When someone has an initial brush with death, the traditions of death and burial may seem foreign and confusing. Even more perplexing may be the visitation, which is the viewing of the body that is typically held before the cremation itself or alternatively done with just the ashes present. During a traditional visitation, the closest friends and family members often stay by or near the casket while loved ones come and view the deceased person's body one last time. Visitors also comfort the family. Here are some of the dos and don'ts of etiquette when you're attending a visitation prior to the cremation service.

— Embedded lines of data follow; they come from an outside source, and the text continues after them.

(* Let $\operatorname{T}_2=\{x_1,x_2\}$ be the trivial quandle with two elements. Then $\operatorname{Aut}(\mathbb{Z}[\operatorname{T}_2])\cong\mathbb{Z}\rtimes\mathbb{Z}_2$.
   Context: A trivial quandle is a set $\operatorname{T}$ with operation $xy=x$ for all $x,y$. The quandle ring $\mathbb{Z}[\operatorname{T}]$ is the free abelian group with basis $\operatorname{T}$, with multiplication $\big(\sum_i\alpha_i x_i\big)\big(\sum_j\beta_j x_j\big)=\sum_{i,j}\alpha_i\beta_j (x_ix_j)$. $\operatorname{Aut}(\mathbb{Z}[\operatorname{T}])$ denotes the group of ring automorphisms of $\mathbb{Z}[\operatorname{T}]$ (bijective additive maps preserving the multiplication). *)

theory Defs
  imports "HOL-Algebra.Bij" "HOL-Algebra.Elementary_Groups"
begin

text \<open>Since T is finite here, the free abelian group Z[T] with basis T is
  the set of all integer-valued functions supported in T.\<close>

definition trivial_quandle_op :: "'a \<Rightarrow> 'a \<Rightarrow> 'a" where
  "trivial_quandle_op x y = x"

definition quandle_ring :: "'a set \<Rightarrow> ('a \<Rightarrow> int) set" where
  "quandle_ring T = {\<alpha>. \<forall>z. z \<notin> T \<longrightarrow> \<alpha> z = 0}"

definition qr_add :: "('a \<Rightarrow> int) \<Rightarrow> ('a \<Rightarrow> int) \<Rightarrow> ('a \<Rightarrow> int)" where
  "qr_add \<alpha> \<beta> = (\<lambda>z. \<alpha> z + \<beta> z)"

text \<open>(sum_i a_i x_i)(sum_j b_j x_j) = sum_{i,j} a_i b_j (x_i x_j)\<close>
definition qr_mult :: "'a set \<Rightarrow> ('a \<Rightarrow> 'a \<Rightarrow> 'a) \<Rightarrow> ('a \<Rightarrow> int) \<Rightarrow> ('a \<Rightarrow> int) \<Rightarrow> ('a \<Rightarrow> int)" where
  "qr_mult T op \<alpha> \<beta> =
     (\<lambda>z. \<Sum>x\<in>T. \<Sum>y\<in>T. if op x y = z then \<alpha> x * \<beta> y else 0)"

text \<open>Ring automorphisms: bijective additive maps preserving the multiplication
  (taken extensional, as in the library's Bij, so that they form a group
  under composition).\<close>
definition qr_ring_auts :: "'a set \<Rightarrow> ('a \<Rightarrow> 'a \<Rightarrow> 'a) \<Rightarrow> (('a \<Rightarrow> int) \<Rightarrow> ('a \<Rightarrow> int)) set" where
  "qr_ring_auts T op = {f \<in> Bij (quandle_ring T).
      (\<forall>\<alpha>\<in>quandle_ring T. \<forall>\<beta>\<in>quandle_ring T. f (qr_add \<alpha> \<beta>) = qr_add (f \<alpha>) (f \<beta>)) \<and>
      (\<forall>\<alpha>\<in>quandle_ring T. \<forall>\<beta>\<in>quandle_ring T. f (qr_mult T op \<alpha> \<beta>) = qr_mult T op (f \<alpha>) (f \<beta>))}"

definition qr_Aut :: "'a set \<Rightarrow> ('a \<Rightarrow> 'a \<Rightarrow> 'a) \<Rightarrow> (('a \<Rightarrow> int) \<Rightarrow> ('a \<Rightarrow> int)) monoid" where
  "qr_Aut T op = BijGroup (quandle_ring T) \<lparr>carrier := qr_ring_auts T op\<rparr>"

definition semidirect_product ::
  "('n, 'x) monoid_scheme \<Rightarrow> ('h, 'y) monoid_scheme \<Rightarrow> ('h \<Rightarrow> 'n \<Rightarrow> 'n) \<Rightarrow> ('n \<times> 'h) monoid" where
  "semidirect_product N H \<phi> =
     \<lparr>carrier = carrier N \<times> carrier H,
      mult = (\<lambda>(n1, h1) (n2, h2). (n1 \<otimes>\<^bsub>N\<^esub> \<phi> h1 n2, h1 \<otimes>\<^bsub>H\<^esub> h2)),
      one = (\<one>\<^bsub>N\<^esub>, \<one>\<^bsub>H\<^esub>)\<rparr>"

definition Z_rtimes_Z2 :: "(int \<times> int) monoid" where
  "Z_rtimes_Z2 = semidirect_product integer_group (integer_mod_group 2)
      (\<lambda>h. \<lambda>n\<in>carrier integer_group. if h = 0 then n else - n)"

end

theory Submission
  imports Defs
begin

(* For a trivial quandle T the product in Z[T] is alpha beta = eps(beta) alpha, where eps is the
   augmentation (sum of coefficients). So an additive bijection f is multiplicative iff
   eps(f beta) f alpha = eps(beta) f alpha for all alpha, beta, i.e. iff f preserves eps.
   For T = {x1, x2} the additive bijections are the integer matrices of determinant +-1, and
   preserving eps means both column sums are 1. Such a matrix maps u = x1 - x2 to s u with
   s = +-1 and x2 to x2 + n u; composing (n, s) with (m, t) gives (n + s m, s t), which is the
   multiplication of Z semidirect Z_2. *)

definition augmentation :: "'a set \<Rightarrow> ('a \<Rightarrow> int) \<Rightarrow> int" where
  "augmentation T \<alpha> = (\<Sum>x\<in>T. \<alpha> x)"

definition qr_smult :: "int \<Rightarrow> ('a \<Rightarrow> int) \<Rightarrow> ('a \<Rightarrow> int)" where
  "qr_smult k \<alpha> = (\<lambda>z. k * \<alpha> z)"

definition qr_additive :: "'a set \<Rightarrow> (('a \<Rightarrow> int) \<Rightarrow> ('a \<Rightarrow> int)) \<Rightarrow> bool" where
  "qr_additive T f \<longleftrightarrow>
     (\<forall>\<alpha>\<in>quandle_ring T. \<forall>\<beta>\<in>quandle_ring T. f (qr_add \<alpha> \<beta>) = qr_add (f \<alpha>) (f \<beta>))"

lemma zero_in_quandle_ring [simp]: "(\<lambda>_. 0) \<in> quandle_ring T"
  by (simp add: quandle_ring_def)

lemma qr_smult_closed [simp]: "\<alpha> \<in> quandle_ring T \<Longrightarrow> qr_smult k \<alpha> \<in> quandle_ring T"
  by (simp add: quandle_ring_def qr_smult_def)

lemma qr_additive_zero:
  assumes "qr_additive T f"
  shows "f (\<lambda>_. 0) = (\<lambda>_. 0)"
proof -
  have "f (qr_add (\<lambda>_. 0) (\<lambda>_. 0)) = qr_add (f (\<lambda>_. 0)) (f (\<lambda>_. 0))"
    using assms unfolding qr_additive_def by simp
  then have "f (\<lambda>_. 0) = qr_add (f (\<lambda>_. 0)) (f (\<lambda>_. 0))"
    by (simp add: qr_add_def)
  then show ?thesis
    by (simp add: qr_add_def fun_eq_iff)
qed

lemma qr_additive_smult:
  assumes f: "qr_additive T f" and \<alpha>: "\<alpha> \<in> quandle_ring T"
  shows "f (qr_smult k \<alpha>) = qr_smult k (f \<alpha>)"
proof -
  have add: "f (qr_add \<beta> \<gamma>) = qr_add (f \<beta>) (f \<gamma>)"
    if "\<beta> \<in> quandle_ring T" "\<gamma> \<in> quandle_ring T" for \<beta> \<gamma>
    using f that unfolding qr_additive_def by blast
  have smult_nat: "f (qr_smult (int n) \<alpha>) = qr_smult (int n) (f \<alpha>)" for n
  proof (induction n)
    case 0
    then show ?case using qr_additive_zero[OF f] by (simp add: qr_smult_def)
  next
    case (Suc n)
    have "qr_smult (int (Suc n)) \<alpha> = qr_add (qr_smult (int n) \<alpha>) \<alpha>"
      by (simp add: qr_smult_def qr_add_def algebra_simps)
    then show ?case
      using Suc add[OF qr_smult_closed[OF \<alpha>] \<alpha>] by (simp add: qr_smult_def qr_add_def algebra_simps)
  qed
  show ?thesis
  proof (cases k rule: int_cases)
    case (nonneg n)
    then show ?thesis using smult_nat by simp
  next
    case (neg n)
    have "qr_add (qr_smult k \<alpha>) (qr_smult (- k) \<alpha>) = (\<lambda>_. 0)"
      by (simp add: qr_smult_def qr_add_def)
    then have "qr_add (f (qr_smult k \<alpha>)) (f (qr_smult (- k) \<alpha>)) = (\<lambda>_. 0)"
      using add[OF qr_smult_closed[OF \<alpha>] qr_smult_closed[OF \<alpha>]] qr_additive_zero[OF f]
      by metis
    moreover have "f (qr_smult (- k) \<alpha>) = qr_smult (- k) (f \<alpha>)"
      using smult_nat[of "Suc n"] neg by (simp add: add.commute)
    ultimately show ?thesis
      by (simp add: qr_smult_def qr_add_def fun_eq_iff add_eq_0_iff)
  qed
qed

lemma qr_mult_trivial_quandle:
  assumes "finite T" "\<alpha> \<in> quandle_ring T"
  shows "qr_mult T trivial_quandle_op \<alpha> \<beta> = qr_smult (augmentation T \<beta>) \<alpha>"
proof
  fix z
  have "(\<Sum>y\<in>T. if x = z then \<alpha> x * \<beta> y else 0) = (if x = z then \<alpha> x * augmentation T \<beta> else 0)"
    for x by (simp add: augmentation_def sum_distrib_left)
  then show "qr_mult T trivial_quandle_op \<alpha> \<beta> z = qr_smult (augmentation T \<beta>) \<alpha> z"
    using assms by (simp add: qr_mult_def trivial_quandle_op_def qr_smult_def quandle_ring_def)
qed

Do Consider and Follow Instructions in the Public Death Notice
In the aftermath of a death, the family typically posts a public death notice in the local paper and news website. Oftentimes a more length obituary will be published. Be sure to read the notice and look for information within the piece on the visitation. It will often state the date, time, and location of the visitation. If the specific location isn't stated but a funeral home is given within the piece, it's a safe bet that the visitation will be there, but you can call the funeral home to confirm this.
Read this carefully for clues on what the family prefers for the visitation. For example, they may request a donation instead of flowers. It would be rude to ignore he family's request and do what you want instead. This time should be about easing the family's pain by following their requests for honoring their loved one's memory.
Don't Bring Friends to the Visitation
Although you may want to bring someone along to the visitation, especially if you have plans directly after a brief visit to see the family, resist the temptation to bring along a stranger. The last thing that the family of the deceased will want to do is meet new people at the visitation. Sometimes the visitation can be more painful for the family than the cremation service itself.
The visitation presents them with an extended amount of time to sit in the immediate presence of their loved one's dead body, which can be traumatic, especially for younger people. Try not to introduce added stress by bringing a stranger or guest to the viewing. It's not a party, and it's not intended to be a social gathering beyond sharing remembrances and condolences.
Do Wear Dark, Traditional Clothes
You are not required to wear black to a visitation, but you shouldn't come in brightly colored attired, either. Think brown, black, gray, navy blue, or other dark color. The style of clothing should be simple and traditional. Skip any sort of flirty dress or shorts. Dressing simply makes sure that you don't distract from the visitation and shows your respect for both the deceased person and the mourners.
Finally, minding your manners at a visitation before the cremation service isn't always as straightforward as it may seem at first. However, keep in mind that the first rule of thumb is to treat the mourners as you would like to be treated in that situation. When you remember that and follow these do's and don'ts, you are sure to be an appreciated presence at the visitation as well as the subsequent cremation service.